Ansel Easton Adams werd in 1902 geboren in San Francisco. Als getalenteerd pianist twijfelde hij lang over een carrière in de muziek. Een vakantie met zijn ouders in Yosemite Valley, in 1916, stuurde zijn leven echter een andere kant op. Overweldigd door het indrukwekkende landschap maakte hij er zijn eerste foto’s. Deze ervaring bleek goed voor een levenslange inspiratie en liefde voor de Sierra Nevada, de bergketen aan de oostgrens van Californië. Bovendien zette het hem op het spoor van de fotografie. In 1920 werd hij lid van de Sierra Club, de organisatie die zich onder leiding van naturalist John Muir had opgeworpen als beschermer van het 600 kilometer lange berggebied (zie Amerika 2002/01).

Zijn eerste foto’s publiceerde hij in 1922 in het verenigingsblad. In de zomermaanden, als de Sierra Club-leden lange wandeltochten maakten door de bergen, volgde Adams hen als officiële fotograaf. Zo leerde hij Yosemite, Sequioa, Mount Rainier en Glacier National Park kennen, gebieden waar hij tot zijn dood jaarlijks naar zou terugkeren.

Als autodidact ontwikkelde Adams al in de jaren twintig zijn concept van ‘visualisatie’. Een foto wordt niet genomen, stelde hij, maar zorgvuldig geconstrueerd. De fotograaf moet de opname al op zijn netvlies hebben vóór hij afdrukt. Later zou Adams deze visie uitwerken in zijn ‘zone-systeem’, een complexe methode waarmee hij, met behulp van een lichtmeter, nauwkeurig kon bepalen welke grijstinten er op een zwartwitfoto te zien zouden zijn.

Fotografie als kunstvorm

In 1927 ontmoette Adams de verzekeringsmagnaat Albert M. Bender.

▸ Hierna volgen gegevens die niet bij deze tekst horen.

section \<open>A second-order bound for the observed-reward update\<close>

lemma exp_le_one_plus_sq:
  fixes y :: real
  assumes "\<bar>y\<bar> \<le> 1"
  shows "exp y \<le> 1 + y + y\<^sup>2"
proof (cases "0 \<le> y")
  case True
  then show ?thesis using exp_bound[of y] assms by simp
next
  case False
  have "exp y * (1 - y) \<le> exp y * exp (- y)"
    using exp_ge_add_one_self[of "- y"] by (intro mult_left_mono) auto
  also have "\<dots> = 1" by (simp add: exp_minus_inverse)
  also have "\<dots> \<le> 1 - y ^ 3"
    using False by (simp add: power3_eq_cube mult_nonneg_nonpos)
  also have "\<dots> = (1 + y + y\<^sup>2) * (1 - y)"
    by (simp add: algebra_simps power2_eq_square power3_eq_cube)
  finally show ?thesis using False by simp
qed

lemma bump_factor_bounds:
  fixes p \<Delta> :: real
  assumes p: "0 < p" "p \<le> 1" and \<Delta>: "\<bar>\<Delta>\<bar> \<le> 1"
  defines "w \<equiv> exp \<Delta> - 1"
  shows "\<Delta> - \<Delta>\<^sup>2 \<le> w / (1 + p * w)" "w / (1 + p * w) \<le> \<Delta> + \<Delta>\<^sup>2"
proof -
  have pw: "0 < 1 + p * w" unfolding w_def by (rule one_plus_mult_exp_minus_one_pos[OF p])
  have w: "0 < 1 + w" unfolding w_def by simp
  have "w / (1 + p * w) \<le> w"
    using pw p by (simp add: divide_le_eq algebra_simps)
  also have "w \<le> \<Delta> + \<Delta>\<^sup>2" using exp_le_one_plus_sq[OF \<Delta>] unfolding w_def by simp
  finally show "w / (1 + p * w) \<le> \<Delta> + \<Delta>\<^sup>2" .
  have "\<Delta> - \<Delta>\<^sup>2 \<le> 1 - exp (- \<Delta>)" using exp_le_one_plus_sq[of "- \<Delta>"] \<Delta> by simp
  also have "1 - exp (- \<Delta>) = w / (1 + w)" unfolding w_def by (simp add: field_simps exp_minus)
  also have "w / (1 + w) \<le> w / (1 + p * w)"
  proof -
    have "w / (1 + p * w) - w / (1 + w) = w\<^sup>2 * (1 - p) / ((1 + p * w) * (1 + w))"
      using pw w by (simp add: field_simps power2_eq_square)
    moreover have "0 \<le> w\<^sup>2 * (1 - p) / ((1 + p * w) * (1 + w))"
      using pw w p by simp
    ultimately show ?thesis by simp
  qed
  finally show "\<Delta> - \<Delta>\<^sup>2 \<le> w / (1 + p * w)" .
qed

Bender stimuleerde hem een aantal van zijn foto’s te publiceren, wat hij deed onder de titel Parmelian Prints of the High Sierra. Een van de foto’s was Monolith, The Face of Half Dome. Hiermee wist hij de aandacht op zich te vestigen. Een ontmoeting met de New Yorkse fotograaf Paul Strand, in 1930, deed Adams definitief kiezen voor de fotografie. Strand liet hem enkele van zijn recente negatieven zien, die Adams ervan overtuigden dat fotografie als kunstvorm op zichzelf kon staan.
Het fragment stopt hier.